Objective: To evaluate the performance of a disproportionality design, commonly used for analysis of spontaneous reports data such as the FDA Adverse Event Reporting System database, as a potential analytical method for an adverse drug reaction risk identification system using healthcare data.
Research design: We tested the disproportionality design in 5 real observational healthcare databases and 6 simulated datasets, retrospectively studying the predictive accuracy of the method when applied to a collection of 165 positive controls and 234 negative controls across 4 outcomes: acute liver injury, acute myocardial infarction, acute kidney injury, and upper gastrointestinal bleeding.
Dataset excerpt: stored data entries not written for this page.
(* Let $f(z)=z+a_2z^2+a_3z^3+\cdots$ be analytic in the unit disk $\mathbb{D}=\{z:|z|<1\}$ with $a_2=0$, and let $f^{-1}(w)=w+A_2w^2+A_3w^3+A_4w^4+A_5w^5+\cdots$ be the expansion of its inverse function near $w=0$. Set $H_2(3)(f^{-1})=A_3A_5-A_4^2$. Then: (a) if $\operatorname{Re} f'(z)>0$ for all $z\in\mathbb{D}$, then $|H_2(3)(f^{-1})|\le \frac{28}{45}$; (b) if $\operatorname{Re}\left[1+\frac{zf''(z)}{f'(z)}\right]>0$ for all $z\in\mathbb{D}$, then $|H_2(3)(f^{-1})|\le \frac{2}{45}$; (c) if $\operatorname{Re}\frac{zf'(z)}{f(z)}>0$ for all $z\in\mathbb{D}$, then $|H_2(3)(f^{-1})|\le 2$; (d) if $\operatorname{Re}\frac{2zf'(z)}{f(z)-f(-z)}>0$ for all $z\in\mathbb{D}$, then $|H_2(3)(f^{-1})|\le 2$. All these bounds are sharp, i.e., in each case the bound is attained by some function $f$ in the respective class with $a_2=0$.
   Context: The four conditions define, respectively, the classes of functions of bounded turning, convex functions, starlike functions, and functions starlike with respect to symmetric points (all normalized by $f(0)=0$, $f'(0)=1$); such functions are univalent in $\mathbb{D}$, so $f^{-1}$ exists and is analytic in a neighbourhood of $0$. *)

theory Defs
  imports "HOL-Complex_Analysis.Complex_Analysis"
begin

definition tcoeff :: "(complex \<Rightarrow> complex) \<Rightarrow> nat \<Rightarrow> complex" where
  "tcoeff f n = (deriv ^^ n) f 0 / of_nat (fact n)"

definition normalized_analytic :: "(complex \<Rightarrow> complex) \<Rightarrow> bool" where
  "normalized_analytic f \<longleftrightarrow> f holomorphic_on ball 0 1 \<and> f 0 = 0 \<and> deriv f 0 = 1"
(* Every maximum class $C\subseteq\{0,1\}^n$ of VC-dimension $2$ can be corner-peeled.
   Context: $C\subseteq\{0,1\}^n$ is maximum of VC-dimension $2$ if its VC-dimension is $2$ and $|C|=1+n+\binom{n}{2}$. One-inclusion graph $\Gamma(C)$: vertices $C$, edges between concepts differing in exactly one coordinate. A $k$-cube in $C$ is a set of $2^k$ points of $C$ agreeing outside some $k$ coordinates and taking all values on them. $C$ can be corner-peeled if there is an ordering $v_1,\dots,v_{|C|}$ of $C$ such that, with $C_0=C$ and $C_t=C_{t-1}\setminus\{v_t\}$, for each $t$ there is a unique cube $C'_{t-1}$ of maximum dimension among cubes contained in $C_{t-1}$ that contain $v_t$, and all neighbours of $v_t$ in $\Gamma(C_{t-1})$ lie in $C'_{t-1}$ (so that $C_{|C|}=\emptyset$). *)

theory Defs
  imports Main
begin

text \<open>Concepts in {0,1}^n are represented as boolean lists of length n;
  coordinates are the indices i < n.\<close>

definition cube_space :: "nat \<Rightarrow> bool list set" where
  "cube_space n = {x. length x = n}"

definition shatters :: "nat \<Rightarrow> bool list set \<Rightarrow> nat set \<Rightarrow> bool" where
  "shatters n C S \<longleftrightarrow> S \<subseteq> {..<n} \<and>
     (\<forall>T \<subseteq> S. \<exists>c\<in>C. \<forall>i\<in>S. c ! i \<longleftrightarrow> i \<in> T)"

definition vc_dim :: "nat \<Rightarrow> bool list set \<Rightarrow> nat" where
  "vc_dim n C = Max {card S | S. shatters n C S}"

definition maximum_vc2 :: "nat \<Rightarrow> bool list set \<Rightarrow> bool" where
  "maximum_vc2 n C \<longleftrightarrow> C \<subseteq> cube_space n \<and> vc_dim n C = 2 \<and>
     card C = 1 + n + (n choose 2)"

definition oig_adj :: "nat \<Rightarrow> bool list \<Rightarrow> bool list \<Rightarrow> bool" where
  "oig_adj n u w \<longleftrightarrow> length u = n \<and> length w = n \<and>
     card {i. i < n \<and> u ! i \<noteq> w ! i} = 1"

definition is_cube :: "nat \<Rightarrow> nat set \<Rightarrow> bool list set \<Rightarrow> bool" where
  "is_cube n I Q \<longleftrightarrow> I \<subseteq> {..<n} \<and>
     (\<exists>b. length b = n \<and> Q = {x. length x = n \<and> (\<forall>i<n. i \<notin> I \<longrightarrow> x ! i = b ! i)})"
(* Let $\rho_{AB}$ be a two-qubit Bell diagonal state, i.e. $\rho_{AB}=p_0|\phi^+\rangle\langle\phi^+|+p_1|\psi^+\rangle\langle\psi^+|+p_2|\psi^-\rangle\langle\psi^-|+p_3|\phi^-\rangle\langle\phi^-|$ with $(p_0,\dots,p_3)$ a probability vector, where $|\phi^\pm\rangle=(|00\rangle\pm|11\rangle)/\sqrt2$, $|\psi^\pm\rangle=(|01\rangle\pm|10\rangle)/\sqrt2$. Let $R_{\mu\nu}=\operatorname{Tr}[(\sigma_\mu\otimes\sigma_\nu)\rho_{AB}]$ and let $\lambda_1\le\lambda_2\le\lambda_3$ be $|R_{11}|,|R_{22}|,|R_{33}|$ in nondecreasing order. Then the two-sided (total) negativity of quantumness of $\rho_{AB}$ is $Q^{AB}_{\mathcal N}(\rho_{AB})=\lambda_2/2$.
   Context: $\sigma_0=\mathbb I,\sigma_1=\sigma_x,\sigma_2=\sigma_y,\sigma_3=\sigma_z$. The negativity of a bipartite state $\tau_{X:Y}$ is $\mathcal N_{X:Y}(\tau)=(\|\tau^\Gamma\|_1-1)/2$, with $\tau^\Gamma$ the partial transpose on one party and $\|\cdot\|_1$ the trace norm. For a system $S$ of dimension $m$ with orthonormal basis $\{|s_k\rangle\}$, the measurement interaction is the isometry $V_S:S\to S\otimes S'$, $S'$ an $m$-dimensional system with computational basis $\{|k\rangle\}$, with $V_S|s_k\rangle=|s_k\rangle|k\rangle$. The two-sided negativity of quantumness is $Q^{AB}_{\mathcal N}(\rho_{AB})=\min \mathcal N_{AB:A'B'}\big((V_A\otimes V_B)\rho_{AB}(V_A\otimes V_B)^\dagger\big)$, minimized over all choices of orthonormal bases of $A$ and of $B$. *)

theory Defs
  imports "Jordan_Normal_Form.Schur_Decomposition" "Jordan_Normal_Form.Char_Poly"
begin

(* Kronecker (tensor) product; index convention i = i_A * dim_B + i_B *)
definition kron :: "complex mat \<Rightarrow> complex mat \<Rightarrow> complex mat" where
  "kron A B = mat (dim_row A * dim_row B) (dim_col A * dim_col B)
     (\<lambda>(i,j). A $$ (i div dim_row B, j div dim_col B) * B $$ (i mod dim_row B, j mod dim_col B))"

definition ketbra :: "complex vec \<Rightarrow> complex vec \<Rightarrow> complex mat" where
  "ketbra v w = mat (dim_vec v) (dim_vec w) (\<lambda>(i,j). v $ i * cnj (w $ j))"

definition trace_norm :: "complex mat \<Rightarrow> real" where
  "trace_norm X = sum_mset (image_mset (\<lambda>x. sqrt (Re x)) (proots (char_poly (mat_adjoint X * X))))"

(* computational basis of C^2: index 0 = |0>, 1 = |1>; two qubits: index 2a+b = |ab> *)
definition bell_phi_plus :: "complex vec" where
  "bell_phi_plus = vec_of_list [1/sqrt 2, 0, 0, 1/sqrt 2]"
definition bell_phi_minus :: "complex vec" where
  "bell_phi_minus = vec_of_list [1/sqrt 2, 0, 0, - 1/sqrt 2]"
definition bell_psi_plus :: "complex vec" where
  "bell_psi_plus = vec_of_list [0, 1/sqrt 2, 1/sqrt 2, 0]"
definition bell_psi_minus :: "complex vec" where
  "bell_psi_minus = vec_of_list [0, 1/sqrt 2, - 1/sqrt 2, 0]"

definition bell_diag :: "(nat \<Rightarrow> real) \<Rightarrow> complex mat" where
  "bell_diag p =
      complex_of_real (p 0) \<cdot>\<^sub>m ketbra bell_phi_plus bell_phi_plus
    + complex_of_real (p 1) \<cdot>\<^sub>m ketbra bell_psi_plus bell_psi_plus
    + complex_of_real (p 2) \<cdot>\<^sub>m ketbra bell_psi_minus bell_psi_minus
    + complex_of_real (p 3) \<cdot>\<^sub>m ketbra bell_phi_minus bell_phi_minus"

definition pauli :: "nat \<Rightarrow> complex mat" where
  "pauli k = (if k = 0 then mat_of_rows_list 2 [[1,0],[0,1]]
         else if k = 1 then mat_of_rows_list 2 [[0,1],[1,0]]
         else if k = 2 then mat_of_rows_list 2 [[0,-\<i>],[\<i>,0]]
         else mat_of_rows_list 2 [[1,0],[0,-1]])"

definition mtrace :: "complex mat \<Rightarrow> complex" where
  "mtrace A = (\<Sum>i<dim_row A. A $$ (i,i))"

definition corr :: "complex mat \<Rightarrow> nat \<Rightarrow> nat \<Rightarrow> complex" where
  "corr \<rho> \<mu> \<nu> = mtrace (kron (pauli \<mu>) (pauli \<nu>) * \<rho>)"

definition onb :: "nat \<Rightarrow> (nat \<Rightarrow> complex vec) \<Rightarrow> bool" where
  "onb m s \<longleftrightarrow> (\<forall>k<m. s k \<in> carrier_vec m) \<and>
     (\<forall>j<m. \<forall>k<m. s j \<bullet>c s k = (if j = k then 1 else 0))"

(* measurement isometry V_S : S \<rightarrow> S \<otimes> S', V_S |s_k> = |s_k>|k>,
   i.e. V_S = sum_k (|s_k> \<otimes> |k>) <s_k|; index of S \<otimes> S' is i_S * m + k *)
definition meas_iso :: "nat \<Rightarrow> (nat \<Rightarrow> complex vec) \<Rightarrow> complex mat" where
  "meas_iso m s = mat (m * m) m
     (\<lambda>(i,j). \<Sum>k<m. (s k $ (i div m)) * (if i mod m = k then 1 else 0) * cnj (s k $ j))"

(* state on A A' B B' (in this tensor order, each factor a qubit) *)
definition measured_state :: "(nat \<Rightarrow> complex vec) \<Rightarrow> (nat \<Rightarrow> complex vec) \<Rightarrow> complex mat \<Rightarrow> complex mat" where
  "measured_state sA sB \<rho> =
     (let W = kron (meas_iso 2 sA) (meas_iso 2 sB) in W * \<rho> * mat_adjoint W)"

(* partial transpose on the party A'B' of a 16x16 matrix on A A' B B',
   index i = 8 a + 4 a' + 2 b + b' *)
definition pt_ApBp :: "complex mat \<Rightarrow> complex mat" where
  "pt_ApBp \<tau> = mat 16 16 (\<lambda>(i,j).
     let a = i div 8; a' = (i div 4) mod 2; b = (i div 2) mod 2; b' = i mod 2;
         c = j div 8; c' = (j div 4) mod 2; d = (j div 2) mod 2; d' = j mod 2
     in \<tau> $$ (8*a + 4*c' + 2*b + d', 8*c + 4*a' + 2*d + b'))"

definition negativity_AB_ApBp :: "complex mat \<Rightarrow> real" where
  "negativity_AB_ApBp \<tau> = (trace_norm (pt_ApBp \<tau>) - 1) / 2"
Measures: We estimate how well the method can be expected to identify true effects and discriminate from false findings and explore the statistical properties of the estimates the design generates. The primary measure was the area under the curve (AUC) of the receiver operating characteristic (ROC) curve.
Results: For each combination of 4 outcomes and 5 databases, 48 versions of disproportionality analysis (DPA) were carried out and the AUC computed. The majority of the AUC values were in the range of 0.35 < AUC < 0.6, which is considered to be poor predictive accuracy, since the value AUC = 0.5 would be expected from mere random assignment. Several DPA versions achieved AUC of about 0.7 for the outcome Acute Renal Failure within the GE database. The overall highest DPA version across all 20 outcome-database combinations was the Bayesian Information Component method with no stratification by age and gender, using first occurrence of outcome and with assumed time-at-risk equal to duration of exposure + 30 d, but none were uniformly optimal. The relative risk estimates for the negative control drug-event combinations were very often biased either upward or downward by a factor of 2 or more. Coverage probabilities of confidence intervals from all methods were far below nominal.
Conclusions: The disproportionality methods that we evaluated did not discriminate true positives from true negatives using healthcare data as they seem to do using spontaneous report data.